I told my little cousin about Pinky and the Brain, and she thought it was a zombie show. Looking back, maybe it was.
A penny saved is a penny earned. A oney saved is a oney… Hey, where did this oney come from? Who’s is this?
My to do list for today: 1.) Pretend I’m a motorcycle 2.) Learn how to play the kazoo 3.) Candy.
It must suck to give high fives in outer space, because they always end up in your face.
Being in roller derby supposedly means you’re tough, but “Roller Girl” just sounds like the name of a super hero in a wheelchair.
Whenever I’m telling someone a dream I had, I always feel obligated to say that they were in the dream too. I think I do it just to keep them interested. I think they appreciate knowing that they were riding with me in the magic squirrel car, headed to panda canyon. When really it was just me and a Tom Hanks impersonator.

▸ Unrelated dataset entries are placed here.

lemma cds_neighbour_in_clique:
  assumes cds: "connected_dominating_set U E S" and i: "i \<in> I"
  shows "\<exists>k\<in>K \<inter> S. E i k"
proof -
  have "S \<subseteq> U" using cds unfolding connected_dominating_set_def by blast
  have "\<exists>u\<in>S. E i u"
  proof (cases "i \<in> S")
    case False
    then show ?thesis using cds i partition unfolding connected_dominating_set_def by blast
  next
    case True
    have "S \<noteq> {i}"
    proof
      assume "S = {i}"
      then show False
        using cds i not_dominated_by_independent_vertex unfolding connected_dominating_set_def by blast
    qed
    then obtain y where "y \<in> S" "y \<noteq> i" using True by blast
    then have "(\<lambda>a b. a \<in> S \<and> b \<in> S \<and> E a b)\<^sup>*\<^sup>* i y"
      using cds True unfolding connected_dominating_set_def connected_on_def by blast
    then show ?thesis using \<open>y \<noteq> i\<close> by (cases rule: converse_rtranclpE) auto
  qed
  then show ?thesis using neighbour_in_clique[OF i] \<open>S \<subseteq> U\<close> by blast
qed

lemma cds_iff_clique_neighbours:
  assumes "S \<subseteq> U"
  shows "connected_dominating_set U E S \<longleftrightarrow> (\<forall>i\<in>I. \<exists>k\<in>K \<inter> S. E i k)"
proof
  assume "connected_dominating_set U E S"
  then show "\<forall>i\<in>I. \<exists>k\<in>K \<inter> S. E i k" using cds_neighbour_in_clique by blast
next
  assume nb: "\<forall>i\<in>I. \<exists>k\<in>K \<inter> S. E i k"
  have "I \<noteq> {}" using not_clique clique partition by auto
  then obtain k where k: "k \<in> S \<inter> K" using nb by blast
  have "connected_on S E"
    using assms partition nb by (intro connected_on_clique_hub[OF sym clique k]) blast
  moreover have "\<exists>u\<in>S. E v u" if "v \<in> U - S" for v
  proof (cases "v \<in> I")
    case True
    then show ?thesis using nb by blast
  next
    case False
    then have "E v k" using that k partition clique unfolding is_clique_def by auto
    then show ?thesis using k by blast
  qed
  ultimately show "connected_dominating_set U E S"
    unfolding connected_dominating_set_def using assms by blast
qed

end

lemma connected_domishold_if_threshold_function:
  assumes "finite U" and "K \<subseteq> U" and th: "threshold_function K P"
    and cds: "\<And>S. S \<subseteq> U \<Longrightarrow> connected_dominating_set U E S \<longleftrightarrow> P (S \<inter> K)"
  shows "connected_domishold U E"
proof -
  obtain w :: "'a \<Rightarrow> nat" and t where wt: "\<And>X. X \<subseteq> K \<Longrightarrow> P X \<longleftrightarrow> t \<le> sum w X"
    using th by (metis threshold_functionE)
  define w' where "w' = (\<lambda>v. if v \<in> K then real (w v) else 0)"
  have sum_w': "sum w' S = real (sum w (S \<inter> K))" if "S \<subseteq> U" for S
  proof -
    have "finite S" using that \<open>finite U\<close> finite_subset by blast
    then have "sum w' S = sum w' (S \<inter> K) + sum w' (S - K)" by (rule sum.Int_Diff)
    then show ?thesis unfolding w'_def by simp
  qed
  have threshold: "real t \<le> sum w' S \<longleftrightarrow> connected_dominating_set U E S" if "S \<subseteq> U" for S
  proof -
    have "real t \<le> sum w' S \<longleftrightarrow> t \<le> sum w (S \<inter> K)" unfolding sum_w'[OF that] by (rule of_nat_le_iff)
    also have "\<dots> \<longleftrightarrow> P (S \<inter> K)" using wt[of "S \<inter> K"] by simp
    finally show ?thesis using cds[OF that] by simp
  qed
  show ?thesis unfolding connected_domishold_def
  proof (intro disjI2 exI[of _ w'] exI[of _ "real t"] conjI allI impI)
    show "\<forall>x\<in>U. 0 \<le> w' x" unfolding w'_def by simp
  qed (simp_all add: threshold)
qed

theorem split_F2_free_connected_domishold:
  assumes "simple_graph U E" and "split_graph U E" and "F2_free U E"
  shows "connected_domishold U E"
proof -
  have fin: "finite U" and sym: "\<forall>x y. E x y \<longrightarrow> E y x" and irr: "\<forall>x. \<not> E x x"
    using assms(1) unfolding simple_graph_def by auto
  obtain K I where partition: "K \<inter> I = {}" "K \<union> I = U"
    and clique: "is_clique K E" and independent: "is_independent I E"
    using assms(2) unfolding split_graph_def by blast
  show ?thesis
  proof (cases "is_clique U E")
    case True
    then show ?thesis using fin sym by (rule clique_connected_domishold[rotated 2])
  next
    case False
    let ?N = "\<lambda>i. {k \<in> K. E i k}"
    have "finite K" using fin partition by auto
    moreover have "almost_comparable (?N ` I)"
      using assms(3) partition \<open>finite K\<close> unfolding F2_free_def
      by (intro almost_comparable_neighbourhoods[OF sym irr clique independent]) auto
    ultimately have "threshold_function K (\<lambda>X. \<exists>A\<in>?N ` I. A \<subseteq> X)"
      by (intro almost_comparable_threshold_function) auto
    then have "threshold_function K (\<lambda>X. \<not> (\<exists>A\<in>?N ` I. A \<subseteq> K - X))"
      using \<open>finite K\<close> by (intro threshold_function_dual)
    moreover have "connected_dominating_set U E S \<longleftrightarrow> \<not> (\<exists>A\<in>?N ` I. A \<subseteq> K - S \<inter> K)"
      if "S \<subseteq> U" for S
    proof -
      have "connected_dominating_set U E S \<longleftrightarrow> (\<forall>i\<in>I. \<exists>k\<in>K \<inter> S. E i k)"
        using sym partition clique independent False that by (rule cds_iff_clique_neighbours)
      also have "\<dots> \<longleftrightarrow> \<not> (\<exists>A\<in>?N ` I. A \<subseteq> K - S \<inter> K)" by auto
      finally show ?thesis .
    qed
    ultimately show ?thesis using fin partition
      by (intro connected_domishold_if_threshold_function[of U K]) auto
  qed
qed

theorem mainTheorem12:
  fixes V :: "'a set" and E :: "'a \<Rightarrow> 'a \<Rightarrow> bool"
  assumes "simple_graph V E" and "split_graph V E" and "F2_free V E"
  shows "hereditarily_connected_domishold V E"
  unfolding hereditarily_connected_domishold_def
proof (intro allI impI)
  fix U assume "U \<subseteq> V"
  show "connected_domishold U E"
    by (rule split_F2_free_connected_domishold[OF simple_graph_subset[OF assms(1) \<open>U \<subseteq> V\<close>]
          split_graph_subset[OF assms(2) \<open>U \<subseteq> V\<close>] F2_free_subset[OF assms(3) \<open>U \<subseteq> V\<close>]])
qed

I wish they made toilet bowl cleaner in the color yellow. Not so I could pretend to pee standing up and have it feel real… But some other reason that makes sense. Or whatever…
I put sunscreen on my waffles and they still got burnt.
Maybe kids would eat their crust, if it wasn’t called crust. It’s like the word crap and rust got combined and tried to get as far away from joy as possible.
Why does the doctor leave the room when you undress? And by doctor I mean the TV repair guy.